7) Connections & Variables
Store credentials in the Airflow metadata DB (UI: Admin → Connections). Use env vars or secret backends (Vault, AWS Secrets Manager, GCP Secret Manager) for production.
# CLI example
airflow connections add my_s3 --conn-type aws --conn-extra '{"region_name":"ap-south-1"}'
airflow variables set dataset_bucket my-data-bucket
8) XComs (Pass Small Data)
Tasks can push/pull small metadata via XCom. For big data, use object stores/DBs and pass references in XCom.
@task
def step1(): return {"path":"s3://bucket/key.parquet"}
9) Branching & Trigger Rules
Use BranchPythonOperator
to choose paths at runtime. Control downstream behavior with trigger rules (e.g., all_failed
, one_success
).
from airflow.operators.python import BranchPythonOperator
choose = BranchPythonOperator(task_id="choose", python_callable=lambda: "path_a")
10) SLAs & Alerts
Define SLAs on tasks and configure email/Slack/PagerDuty alerts via callbacks or Alerting integrations.
11) Executors
- Sequential/Local: simple dev/test.
- Celery: distributed workers with a broker (Redis/RabbitMQ).

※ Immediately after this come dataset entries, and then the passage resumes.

(* Suppose $\{x\in\mathbb{R}^n:A^\top x\le u\}=\emptyset$. Let $\mathcal{D}:=\{\lambda\in\mathbb{R}^m: A\lambda=0,\ \lambda\ge0,\ u^\top\lambda<0,\ \|\lambda\|\le1\}$, and let $r^*$ be the supremum of all $r$ for which there exists $\lambda^c$ with $A\lambda^c=0$ and $B(\lambda^c,r)\cap\mathrm{Null}(A)\subseteq\mathcal{D}$. Then $$\frac{\|P_Au\|}{\tau(A,u)\sqrt m}+1\ \le\ \frac1{r^*}\ \le\ \Big(\frac{\|P_Au\|}{\tau(A,u)}+1\Big)\Big(\frac{m}{\rho(A)}+\sqrt m+1\Big).$$
   Context: $A=[a_1|\cdots|a_m]\in\mathbb{R}^{n\times m}$ has columns of unit Euclidean norm and $\{A\lambda:\lambda\ge0\}=\mathbb{R}^n$; $u\in\mathbb{R}^m$. $\|\cdot\|$ is the Euclidean norm, $B(c,r)$ the closed Euclidean ball in $\mathbb{R}^m$, $\mathrm{Null}(A)$ the nullspace of $A$, and $P_A:=I-A^\top(AA^\top)^{-1}A$. $\tau(A,u):=|z^*|$ with $z^*:=\max_x\min_i(u_i-a_i^\top x)$. $\|M\|_{1,2}:=\max_{\|w\|_1=1}\|Mw\|_2$ and $\rho(A):=\min_{\Delta A}\{\|\Delta A\|_{1,2}:\exists v\ne0,\ (A+\Delta A)^\top v\le0\}$ (if $\rho(A)=0$ the upper bound is read as $+\infty$). *)

theory Defs
  imports "HOL-Analysis.Analysis"
begin

text \<open>A :: real^'m^'n is an n x m matrix (n rows, m columns); column i is a_i.\<close>

definition z_star :: "real^'m^'n \<Rightarrow> real^'m \<Rightarrow> real" where
  "z_star A u = (SUP x. Min (range (\<lambda>i. u $ i - column i A \<bullet> x)))"

definition tau :: "real^'m^'n \<Rightarrow> real^'m \<Rightarrow> real" where
  "tau A u = \<bar>z_star A u\<bar>"

definition proj_A :: "real^'m^'n \<Rightarrow> real^'m^'m" where
  "proj_A A = mat 1 - transpose A ** matrix_inv (A ** transpose A) ** A"

definition norm12 :: "real^'m^'n \<Rightarrow> real" where
  "norm12 M = Sup {norm (M *v w) | w. (\<Sum>i\<in>UNIV. \<bar>w $ i\<bar>) = 1}"

definition rho :: "real^'m^'n \<Rightarrow> real" where
  "rho A = Inf {norm12 dA | dA. \<exists>v. v \<noteq> 0 \<and> (\<forall>i. (transpose (A + dA) *v v) $ i \<le> 0)}"

definition Dset :: "real^'m^'n \<Rightarrow> real^'m \<Rightarrow> (real^'m) set" where
  "Dset A u = {l. A *v l = 0 \<and> (\<forall>i. 0 \<le> l $ i) \<and> u \<bullet> l < 0 \<and> norm l \<le> 1}"

definition r_star :: "real^'m^'n \<Rightarrow> real^'m \<Rightarrow> real" where
  "r_star A u = Sup {r. \<exists>lc. A *v lc = 0 \<and> cball lc r \<inter> {l. A *v l = 0} \<subseteq> Dset A u}"

end

theory Submission
  imports Defs
begin

text \<open>The dual of \<open>z* = max\<^sub>x min\<^sub>i (u\<^sub>i - a\<^sub>i\<^sup>T x)\<close> is \<open>min {u\<^sup>T \<lambda> | A \<lambda> = 0, \<lambda> in the
  probability simplex}\<close>; strong duality (by hyperplane separation) and infeasibility give
  \<open>\<tau> = - z* > 0\<close>.
  Lower bound: if \<open>B(\<lambda>\<^sup>c, r) \<inter> Null(A) \<subseteq> \<D>\<close>, moving \<open>\<lambda>\<^sup>c\<close> by \<open>r\<close> along \<open>\<lambda>\<^sup>c\<close> and along
  \<open>P\<^sub>A u \<in> Null(A)\<close> stays in \<open>\<D>\<close>, so \<open>\<parallel>\<lambda>\<^sup>c\<parallel> + r \<le> 1\<close> and \<open>u\<^sup>T \<lambda>\<^sup>c + r \<parallel>P\<^sub>A u\<parallel> < 0\<close>; weak duality
  applied to \<open>\<lambda>\<^sup>c\<close> normalised into the simplex, whose \<open>1\<close>-norm is at most \<open>\<surd>m \<parallel>\<lambda>\<^sup>c\<parallel>\<close>, bounds
  \<open>u\<^sup>T \<lambda>\<^sup>c\<close> below by \<open>- \<tau> \<surd>m (1 - r)\<close>.
  Upper bound: a null vector \<open>\<nu> \<ge> 1\<close> combined with a dual optimum \<open>\<theta>\<close> gives an explicit inscribed
  ball centred at a multiple of \<open>k \<theta> + \<nu>\<close>; its radius depends on \<open>\<parallel>\<nu>\<parallel>\<close>, which is at most
  \<open>m / \<rho> + \<surd>m\<close> because \<open>- \<rho> a\<^sub>j\<close> lies in the convex hull of the columns for every \<open>j\<close>.\<close>

lemma transpose_mult_vec_nth: "(transpose A *v x) $ i = column i A \<bullet> (x::real^'n)"
  by (simp add: matrix_vector_mult_def column_def inner_vec_def transpose_def mult.commute)

lemma inner_matrix_vector_mult_column:
  "(A *v (l::real^'m)) \<bullet> (x::real^'n) = (\<Sum>i\<in>UNIV. l$i * (column i A \<bullet> x))"
  by (simp add: matrix_mult_sum inner_sum_left scalar_mult_eq_scaleR)

lemma inner_matrix_vector_mult_le:
  assumes "\<forall>i. 0 \<le> l$i" "\<forall>i. column i A \<bullet> x \<le> K"
  shows "(A *v l) \<bullet> (x::real^'n) \<le> K * (\<Sum>i\<in>UNIV. (l::real^'m)$i)"
proof -
  have "(A *v l) \<bullet> x = (\<Sum>i\<in>UNIV. l$i * (column i A \<bullet> x))"
    by (rule inner_matrix_vector_mult_column)
  also have "\<dots> \<le> (\<Sum>i\<in>UNIV. l$i * K)"
    using assms by (intro sum_mono mult_left_mono) auto
  finally show ?thesis by (simp add: sum_distrib_left mult.commute)
qed

lemma sum_le_sqrt_card_norm: "(\<Sum>i\<in>UNIV. (l::real^'m)$i) \<le> sqrt (real CARD('m)) * norm l"
proof -
  have "(\<Sum>i\<in>UNIV. l$i) = (\<chi> i. 1 :: real^'m) \<bullet> l" by (simp add: inner_vec_def)
  also have "\<dots> \<le> norm (\<chi> i. 1 :: real^'m) * norm l" by (rule norm_cauchy_schwarz)
  finally show ?thesis by (simp add: norm_eq_sqrt_inner inner_vec_def)
qed

definition prob_simplex :: "(real^'m) set" where
  "prob_simplex = {t. (\<forall>i. 0 \<le> t$i) \<and> (\<Sum>i\<in>UNIV. t$i) = 1}"

lemma norm_le_1_prob_simplex: "t \<in> prob_simplex \<Longrightarrow> norm t \<le> 1"
  using norm_le_l1_cart[of t] by (simp add: prob_simplex_def)

lemma compact_prob_simplex: "compact (prob_simplex :: (real^'m) set)"
proof -
  have "prob_simplex = (\<Inter>i. {t::real^'m. 0 \<le> t$i}) \<inter> {t. (\<Sum>i\<in>UNIV. t$i) = 1}"
    by (auto simp: prob_simplex_def)
  moreover have "closed {t::real^'m. (\<Sum>i\<in>UNIV. t$i) = 1}"
    by (intro closed_Collect_eq continuous_intros)
  moreover have "closed {t::real^'m. 0 \<le> t$i}" for i
    by (intro closed_Collect_le continuous_intros)
  moreover have "bounded (prob_simplex :: (real^'m) set)"
    unfolding bounded_iff using norm_le_1_prob_simplex by blast
  ultimately show ?thesis by (metis closed_INT closed_Int compact_eq_bounded_closed)
qed

lemma convex_prob_simplex: "convex (prob_simplex :: (real^'m) set)"
  unfolding convex_def prob_simplex_def
  by (auto simp: sum.distrib sum_distrib_left[symmetric])

lemma axis_in_prob_simplex: "axis i 1 \<in> prob_simplex"
  by (simp add: prob_simplex_def axis_def)

lemma normalized_in_prob_simplex:
  assumes "\<forall>i. 0 \<le> l$i" "(\<Sum>i\<in>UNIV. l$i) > 0"
  shows "(1 / (\<Sum>i\<in>UNIV. l$i)) *\<^sub>R l \<in> prob_simplex"
  using assms by (simp add: prob_simplex_def sum_divide_distrib[symmetric])
(* Assume $\mathfrak I$ is compact and $\psi$ is as below. Then for all $n\ge0$ and $1\le k,l\le n+1$, $$\sum_{i\ge0}\Psi^{n,n+1}_{n+1-k}(i)\,\mathcal E^{n,n+1}_{n+1-l}(i)=\delta_{k,l},$$ and for all $n\ge1$ and $1\le k,l\le n$, $$\sum_{i\ge0}\Psi^{n,n}_{n-k}(i)\,\mathcal E^{n,n}_{n-l}(i)=\delta_{k,l}.$$
   Context: Let $\lambda_k=\lambda(k)>0$ ($k\ge0$) and $\mu_k=\mu(k)$ with $\mu_0=0$, $\mu_k>0$ ($k\ge1$) be the rates of a birth and death chain on $\mathbb N=\{0,1,\dots\}$ reflecting at $0$, with $\pi_0=1$, $\pi_k=\prod_{i=1}^k\lambda_{i-1}/\mu_i$, and satisfying $\sum_{j\ge0}\frac{1}{\lambda_j\pi_j}\sum_{i=0}^{j}\pi_i=\sum_{j\ge0}\frac{1}{\lambda_j\pi_j}\sum_{i>j}\pi_i=\infty$. Dual rates: $\hat\lambda_k=\mu_{k+1}$, $\hat\mu_k=\lambda_k$; $\hat\pi_0=1$, $\hat\pi_k=\prod_{i=1}^k\mu_i/\lambda_i$. Polynomials $Q_n,\hat Q_n$ (degree $n$) are defined by $Q_{-1}=\hat Q_{-1}=0$, $Q_0=\hat Q_0=1$ and, for $n\ge0$, $-xQ_n(x)=\mu_nQ_{n-1}(x)-(\lambda_n+\mu_n)Q_n(x)+\lambda_nQ_{n+1}(x)$ and $-x\hat Q_n(x)=\lambda_n\hat Q_{n-1}(x)-(\mu_{n+1}+\lambda_n)\hat Q_n(x)+\mu_{n+1}\hat Q_{n+1}(x)$. Assume both associated moment problems are determinate: there are unique probability measures $\mathfrak w,\hat{\mathfrak w}$ on $[0,\infty)$ with $\int Q_iQ_j\,d\mathfrak w=\delta_{ij}/\pi_j$ and $\int\hat Q_i\hat Q_j\,d\hat{\mathfrak w}=\delta_{ij}/\hat\pi_j$; then $d\hat{\mathfrak w}(x)=x\,d\mathfrak w(x)/\lambda_0$ and both measures have the same support $\mathfrak I=[I^-,I^+]\subset[0,\infty]$. Write $\langle f,g\rangle_{\mathsf m}=\int f(x)g(x)\,d\mathsf m(x)$. Let $C=\sup_i(\lambda_i+\mu_i)$, $\hat C=\sup_i(\hat\lambda_i+\hat\mu_i)$ (finite) and $\psi(x)=\prod_{i=1}^{\mathfrak N}(1-\alpha_ix)e^{-tx}$ with $\mathfrak N\in\mathbb N$, $t\ge0$, $\frac12\min(1/C,1/\hat C)\ge\alpha_1\ge\dots\ge\alpha_{\mathfrak N}\ge0$. $\mathsf C(\mathfrak I)$ is a positively oriented simple closed contour enclosing $[0,I^+]$ and no zero of $\psi$. For $i\in\mathbb N$ and $1\le j\le n+1$ (resp. $1\le j\le n$): $\Psi^{n,n+1}_{n+1-j}(i)=\langle\pi_iQ_i,(-x)^{n+1-j}\psi\rangle_{\mathfrak w}$, $\Psi^{n,n}_{n-j}(i)=\langle\hat\pi_i\hat Q_i,(-x)^{n-j}\psi\rangle_{\hat{\mathfrak w}}$, $\mathcal E^{n,n+1}_{n+1-j}(i)=-\frac1{2\pi\mathrm i}\oint_{\mathsf C(\mathfrak I)}\frac{Q_i(u)}{\psi(u)(-u)^{n+2-j}}du$, $\mathcal E^{n,n}_{n-j}(i)=-\frac1{2\pi\mathrm i}\oint_{\mathsf C(\mathfrak I)}\frac{\hat Q_i(u)}{\psi(u)(-u)^{n-j+1}}du$. *)

theory Defs
  imports "HOL-Analysis.Analysis" "HOL-Probability.Probability"
begin

definition has_cint :: "(complex \<Rightarrow> complex) \<Rightarrow> complex \<Rightarrow> (real \<Rightarrow> complex) \<Rightarrow> bool" where
  "has_cint f i g \<longleftrightarrow>
     ((\<lambda>x. f (g x) * vector_derivative g (at x within {0..1})) has_integral i) {0..1}"

definition cint :: "(real \<Rightarrow> complex) \<Rightarrow> (complex \<Rightarrow> complex) \<Rightarrow> complex" where
  "cint g f = (SOME i. has_cint f i g \<or> (\<not> (\<exists>j. has_cint f j g) \<and> i = 0))"

text \<open>Positively oriented simple closed contour (valid, i.e. piecewise C1):
  every point enclosed by the curve has winding number +1.\<close>

definition pos_simple_closed_contour :: "(real \<Rightarrow> complex) \<Rightarrow> bool" where
  "pos_simple_closed_contour g \<longleftrightarrow>
     valid_path g \<and> simple_path g \<and> pathfinish g = pathstart g \<and>
     (\<forall>z \<in> inside (path_image g). cint g (\<lambda>w. 1 / (w - z)) = 2 * of_real pi * \<i>)"

definition bd_pi :: "(nat \<Rightarrow> real) \<Rightarrow> (nat \<Rightarrow> real) \<Rightarrow> nat \<Rightarrow> real" where
  "bd_pi lam mu k = (\<Prod>i = 1..k. lam (i - 1) / mu i)"

fun bdQ :: "(nat \<Rightarrow> real) \<Rightarrow> (nat \<Rightarrow> real) \<Rightarrow> nat \<Rightarrow> 'a::real_field \<Rightarrow> 'a" where
  "bdQ lam mu 0 x = 1"
| "bdQ lam mu (Suc 0) x = (of_real (lam 0 + mu 0) - x) / of_real (lam 0)"
| "bdQ lam mu (Suc (Suc n)) x =
     ((of_real (lam (Suc n) + mu (Suc n)) - x) * bdQ lam mu (Suc n) x
       - of_real (mu (Suc n)) * bdQ lam mu n x) / of_real (lam (Suc n))"

text \<open>Dual rates: hat lam_k = mu_{k+1}, hat mu_k = lam_k. Then hat pi = bd_pi of the
  dual rates and hat Q = bdQ of the dual rates.\<close>

definition dual_lam :: "(nat \<Rightarrow> real) \<Rightarrow> (nat \<Rightarrow> real) \<Rightarrow> nat \<Rightarrow> real" where
  "dual_lam lam mu k = mu (Suc k)"

definition dual_mu :: "(nat \<Rightarrow> real) \<Rightarrow> (nat \<Rightarrow> real) \<Rightarrow> nat \<Rightarrow> real" where
  "dual_mu lam mu k = lam k"

definition orth_measure :: "(nat \<Rightarrow> real) \<Rightarrow> (nat \<Rightarrow> real) \<Rightarrow> real measure \<Rightarrow> bool" where
  "orth_measure lam mu m \<longleftrightarrow>
     prob_space m \<and> sets m = sets borel \<and> (AE x in m. 0 \<le> x) \<and>
     (\<forall>i j. integrable m (\<lambda>x. bdQ lam mu i x * bdQ lam mu j x) \<and>
        (\<integral>x. bdQ lam mu i x * bdQ lam mu j x \<partial>m) = (if i = j then 1 / bd_pi lam mu j else 0))"

definition msupport :: "real measure \<Rightarrow> real set" where
  "msupport m = {x. \<forall>e>0. emeasure m (ball x e) > 0}"

definition psi :: "(nat \<Rightarrow> real) \<Rightarrow> nat \<Rightarrow> real \<Rightarrow> 'a::{real_normed_field,banach} \<Rightarrow> 'a" where
  "psi alpha N t x = (\<Prod>i = 1..N. 1 - of_real (alpha i) * x) * exp (- (of_real t * x))"

end

theory Submission
  imports Defs "HOL-Complex_Analysis.Complex_Analysis"
begin

text \<open>Write Psi(i) = pi_i * integral Q_i(x) (-x)^a psi(x) dw(x). By orthogonality these are the
  coefficients of (-u)^a psi(u) in the basis Q_i, and bounded rates make the expansion converge
  uniformly on every disc: (-u)^k = sum_{i<=k} c(k,i) Q_i(u) with
  sum_i |c(k,i)| |Q_i(u)| <= (|u| + 2C)^k, while the factor exp(-tu) of psi is handled through its
  power series. The integrand Q_i(u) / (psi(u) (-u)^l) has its only pole inside the contour at 0,
  so the contour may be shrunk to a small circle; there summation and integration commute and
  -1/(2 pi i) times the integral of (-u)^k / (-u)^l is delta_kl. The dual statement is the same
  argument applied to the dual chain.\<close>

section \<open>Expanding powers in the orthogonal polynomials\<close>

lemma bdQ_three_term:
  fixes x :: "'a::real_field"
  assumes "lam i \<noteq> 0"
  shows "- x * bdQ lam mu i x = (if i = 0 then 0 else of_real (mu i) * bdQ lam mu (i - 1) x)
          - of_real (lam i + mu i) * bdQ lam mu i x + of_real (lam i) * bdQ lam mu (Suc i) x"
  using assms by (cases i) (simp_all add: field_simps)

lemma sum_tridiagonal_transpose:
  fixes W f A B D :: "nat \<Rightarrow> 'a::comm_ring_1"
  assumes "\<And>j. j \<ge> n \<Longrightarrow> W j = 0"
  shows "(\<Sum>j<Suc n. W j * ((if j = 0 then 0 else A j * f (j - 1)) + B j * f j + D j * f (Suc j)))
       = (\<Sum>i<Suc n. ((if i = 0 then 0 else D (i - 1) * W (i - 1)) + B i * W i + A (Suc i) * W (Suc i)) * f i)"
proof -
  have lower: "(\<Sum>j<Suc n. W j * (if j = 0 then 0 else A j * f (j - 1)))
      = (\<Sum>i<Suc n. A (Suc i) * W (Suc i) * f i)"
    using assms[of "Suc n"] by (subst sum.lessThan_Suc_shift) (simp add: algebra_simps)
  have upper: "(\<Sum>j<Suc n. W j * (D j * f (Suc j)))
      = (\<Sum>i<Suc n. (if i = 0 then 0 else D (i - 1) * W (i - 1)) * f i)"
    using assms[of n] by (subst (2) sum.lessThan_Suc_shift) (simp add: algebra_simps)
  show ?thesis
    using lower upper by (simp add: sum.distrib algebra_simps)
qed

text \<open>\<open>pow_coeff lam mu k i\<close> is the coefficient of Q_i in (-x)^k; its recursion comes from
  multiplying by -x and applying the three-term recurrence. \<open>pow_coeff_majorant\<close> is the same
  recursion with all signs made positive.\<close>

fun pow_coeff :: "(nat \<Rightarrow> real) \<Rightarrow> (nat \<Rightarrow> real) \<Rightarrow> nat \<Rightarrow> nat \<Rightarrow> real" where
  "pow_coeff lam mu 0 i = (if i = 0 then 1 else 0)"
| "pow_coeff lam mu (Suc k) i = (if i = 0 then 0 else lam (i - 1) * pow_coeff lam mu k (i - 1))
     - (lam i + mu i) * pow_coeff lam mu k i + mu (Suc i) * pow_coeff lam mu k (Suc i)"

- Kubernetes: each task in its own pod; great isolation & autoscaling.
# airflow.cfg
executor = CeleryExecutor
broker_url = redis://redis:6379/0
result_backend = db+postgresql://airflow:***@postgres/airflow
12) KubernetesPodOperator Example
from airflow.providers.cncf.kubernetes.operators.kubernetes_pod import KubernetesPodOperator
KubernetesPodOperator(
task_id="spark_job",
name="spark",
namespace="airflow",
image="ghcr.io/org/spark-job:latest",
cmds=["/opt/app/run.sh"],
get_logs=True
)
13) Deploy Options
Docker Compose for dev, Helm chart for Kubernetes, or managed offerings (e.g., Astro, Cloud Composer, MWAA). Package DAGs as a repo; use CI/CD to sync to dags/
(git-sync or artifact bundle).
14) Observability
Use built-in logs and Gantt/Graph views. Export metrics to Prometheus/Grafana; centralize logs in S3/Cloud Logging. Add task-level timing and lineage tags for critical paths.
15) Data-Aware Scheduling
Use Datasets to trigger DAGs when upstream datasets are updated, improving event-driven orchestration.
16) Reliability Patterns
- Retries with exponential delay; idempotent tasks.
- Time limits on tasks; detect and kill zombie tasks.
- Use pools/queues to prevent resource contention.
17) Security
Use RBAC, secret backends, network policies (K8s), and restrict code execution sources. Avoid embedding credentials in DAG files; use Connections/Env.
18) Testing DAGs
Use airflow dags test
for targeted runs; pytest with airflow.testing
utilities for unit tests. Validate DAG loading in CI.
airflow dags test hello_airflow 2025-08-09
19) Common Pitfalls
- Passing large payloads via XCom → use storage and pass URIs.
- Global imports causing long DAG parse times.
- Too many tasks in one DAG; prefer modular DAGs and datasets.
20) Interview Q&A — 8 Quick Ones
1) Airflow vs cron? Airflow handles dependencies, retries, backfills, and observability; cron is per-host scheduling only.
2) When K8s executor? For strong isolation, autoscaling, and heterogeneous task environments.
3) XCom size? Keep tiny (< a few KB). Store data externally; pass references.
4) Idempotency? Design tasks so re-runs don’t corrupt state; use upserts and checkpoints.
5) Backfill safely? Disable side effects or guard with execution date; write outputs by partition.
6) Sensors at scale? Use deferrable sensors to free worker slots while waiting.
7) Secret management? Use Connections + secret backend; never commit creds.
8) CI/CD? Lint & load-check DAGs; deploy via Helm/Compose; run smoke DAG post-deploy.